US President George W. Bush's administration is accelerating plans for a massive bombing campaign against Iran, a report in the New Yorker magazine says.
US President George W. Bush's administration is accelerating plans for a massive bombing campaign against Iran, a report in the New Yorker magazine says.
The report, written by influential investigative journalist Seymour Hersh quotes a former defense official as saying that the air strike would be sanctioned on the premise that "a sustained bombing campaign in Iran will humiliate the religious leadership and lead the public to rise up and overthrow the government."
The story, which appeared in the April 17 issue of the New Yorker magazine, says that Bush views Iranian President Mahmoud Ahmadinejad as a "potential Adolf Hitler," and thinks Tehran needs a "regime change."
"This White House believes that the only way to solve the problem is to change the power structure in Iran, and that means war," Hersh quotes an unidentified senior Pentagon advisor on the war on terror as saying.
Without denying the report, White House military spokesman Blair Jones said "We are not going to discuss military planning," adding that the administration was trying to seek a diplomatic solution.
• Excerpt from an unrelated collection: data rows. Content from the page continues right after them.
lemma coded_bit_recoverable:
  assumes d: "d \<in> demands h r D" and k: "k \<in> users h r" and i: "i \<in> k"
    and Z: "user_cache k W = user_cache k W'" and Y: "relay_signal i d k W = relay_signal i d k W'"
    and q: "q < S"
  shows "cbit W (d k) i q = cbit W' (d k) i q"
proof (cases "q \<in> pos i ` placed i")
  case False
  then have "q \<in> leftover i" using q by (simp add: leftover_def)
  then have "server_bit i d W (Plain k q) = server_bit i d W' (Plain k q)"
    using relay_users_memI[OF k i]
    by (intro relay_signal_server_bit[OF Y]) (auto simp: relay_signal_idx_def server_idx_def)
  then show ?thesis by (simp add: server_bit_def)
next
  case True
  then obtain s where "s \<in> placed i" and qs: "q = pos i s" by blast
  then consider (shared) q' where "s = Shared q'" "q' < sA"
    | (relay) q' where "s = RelayOnly q'" "q' < sR - sA"
    | (subfile) T q' where "T \<subseteq> relay_users i" "q' < m (card T)" "s = Subfile T q'"
    by (auto simp: placed_def relay_segs_def subfile_segs_def)
  then show ?thesis
  proof cases
    case shared
    then have "(i, d k, s) \<in> user_cache_idx k"
      using i demands_memD[OF d k] by (simp add: user_cache_idx_def user_segs_def)
    then show ?thesis unfolding qs by (rule user_cache_bit[OF Z])
  next
    case relay
    then show ?thesis unfolding qs using demands_memD[OF d k]
      by (intro relay_signal_relay_bit[OF Y]) (auto simp: relay_signal_idx_def relay_cache_idx_def relay_segs_def)
  next
    case (subfile T q')
    show ?thesis
    proof (cases "k \<in> T")
      case True
      then have "(i, d k, s) \<in> user_cache_idx k"
        using subfile i demands_memD[OF d k] by (auto simp: user_cache_idx_def user_segs_def)
      then show ?thesis unfolding qs by (rule user_cache_bit[OF Z])
    next
      case False
      then show ?thesis unfolding qs subfile(3) using subfile(1,2)
        by (intro subfile_bit_from_xor[OF d k i Z Y])
    qed
  qed
qed

lemma decodable:
  assumes d: "d \<in> demands h r D" and k: "k \<in> users h r"
    and W: "W \<in> libraries D F" and W': "W' \<in> libraries D F"
    and Z: "user_cache k W = user_cache k W'"
    and Y: "\<forall>i\<in>k. relay_signal i d k W = relay_signal i d k W'"
  shows "W (d k) = W' (d k)"
proof (rule list_eq_if_coded_bits_eq)
  have "length (W (d k)) = F" "length (W' (d k)) = F"
    using W W' demands_memD[OF d k] by (auto simp: libraries_def)
  then show "length (W (d k)) = length (W' (d k))" "length (W (d k)) \<le> r * B"
    using F_le_r_mult_B by simp_all
  show "k \<subseteq> {..<h}" "card k = r" using users_memD[OF k] by auto
  show "\<forall>i\<in>k. \<forall>q < B + r + h * r. coded_bit r B (W (d k)) i q = coded_bit r B (W' (d k)) i q"
    using coded_bit_recoverable[OF d k _ Z] Y by (simp add: cbit_def S_def)
qed

lemma valid_scheme_exists:
  assumes eps: "\<epsilon> > 0" and dl: "\<delta> > 0"
    and F_large: "real Kh * real c0 + real c0 + 1 \<le> \<delta> * real F"
  shows "\<exists>V Z X Y G. valid_scheme h r D F Mem N (Rate1 + \<delta>) (Rate2 + \<delta>) \<epsilon> V Z X Y G"
proof (rule valid_scheme_of_message_counts[where \<phi> = forward, OF eps])
  show "\<forall>j<h. card (relay_cache j ` libraries D F) \<le> 2 ^ card relay_cache_idx"
    by (intro allI impI card_image_restrict_le[OF finite_relay_cache_idx]) (simp add: relay_cache_def)
  show "real (card relay_cache_idx) \<le> N * real F" by (rule card_relay_cache_idx_le)
  show "\<forall>k\<in>users h r. card (user_cache k ` libraries D F) \<le> 2 ^ nat \<lfloor>Mem * real F\<rfloor>"
    by (intro ballI card_image_restrict_le_floor[OF finite_user_cache_idx _ card_user_cache_idx_le])
      (simp_all add: user_cache_def)
  show "real (nat \<lfloor>Mem * real F\<rfloor>) \<le> Mem * real F" using Mem_nonneg by (intro of_nat_floor) simp
  show "\<forall>d\<in>demands h r D. \<forall>i<h. card (server_signal i d ` libraries D F) \<le> 2 ^ nat \<lfloor>(Rate1 + \<delta>) * real F\<rfloor>"
  proof (intro ballI allI impI card_image_restrict_le_floor[OF finite_server_idx])
    fix i assume "i < h"
    have "0 \<le> real c0" by simp
    then show "real (card (server_idx i)) \<le> (Rate1 + \<delta>) * real F"
      using card_server_idx_le[OF \<open>i < h\<close>] F_large by (subst distrib_right) linarith
  qed (simp add: server_signal_def)
  show "real (nat \<lfloor>(Rate1 + \<delta>) * real F\<rfloor>) \<le> (Rate1 + \<delta>) * real F"
    using Rate1_nonneg dl by (intro of_nat_floor) simp
  show "\<forall>d\<in>demands h r D. \<forall>k\<in>users h r. \<forall>i\<in>k.
      card (relay_signal i d k ` libraries D F) \<le> 2 ^ nat \<lfloor>(Rate2 + \<delta>) * real F\<rfloor>"
  proof (intro ballI card_image_restrict_le_floor[OF finite_relay_signal_idx])
    fix d :: "nat set \<Rightarrow> nat" and k i assume k: "k \<in> users h r" and i: "i \<in> k"
    have "0 \<le> real Kh * real c0" by simp
    then show "real (card (relay_signal_idx i d k)) \<le> (Rate2 + \<delta>) * real F"
      using card_relay_signal_idx_le[OF k i, of d] F_large by (subst distrib_right) linarith
  qed (simp add: relay_signal_def forward_def)
  show "real (nat \<lfloor>(Rate2 + \<delta>) * real F\<rfloor>) \<le> (Rate2 + \<delta>) * real F"
    using Rate2_nonneg dl by (intro of_nat_floor) simp
  show "\<And>d i k W. relay_signal i d k W = forward i d k (server_signal i d W) (relay_cache i W)"
    by (simp add: relay_signal_def)
qed (rule decodable)

end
Hersh says that the US may employ the use of a bunker-buster tactical nuclear weapon on Iran's main centrifuge in Natanz.
The Pentagon advisor said that the potential use of nuclear weapons had created serious misgivings within the military - with some officers threatening to resign if the nuclear option was not removed from evolving war plans.
"If we go, the southern half of Iraq will light up like a candle," the advisor is quoted as telling The New Yorker.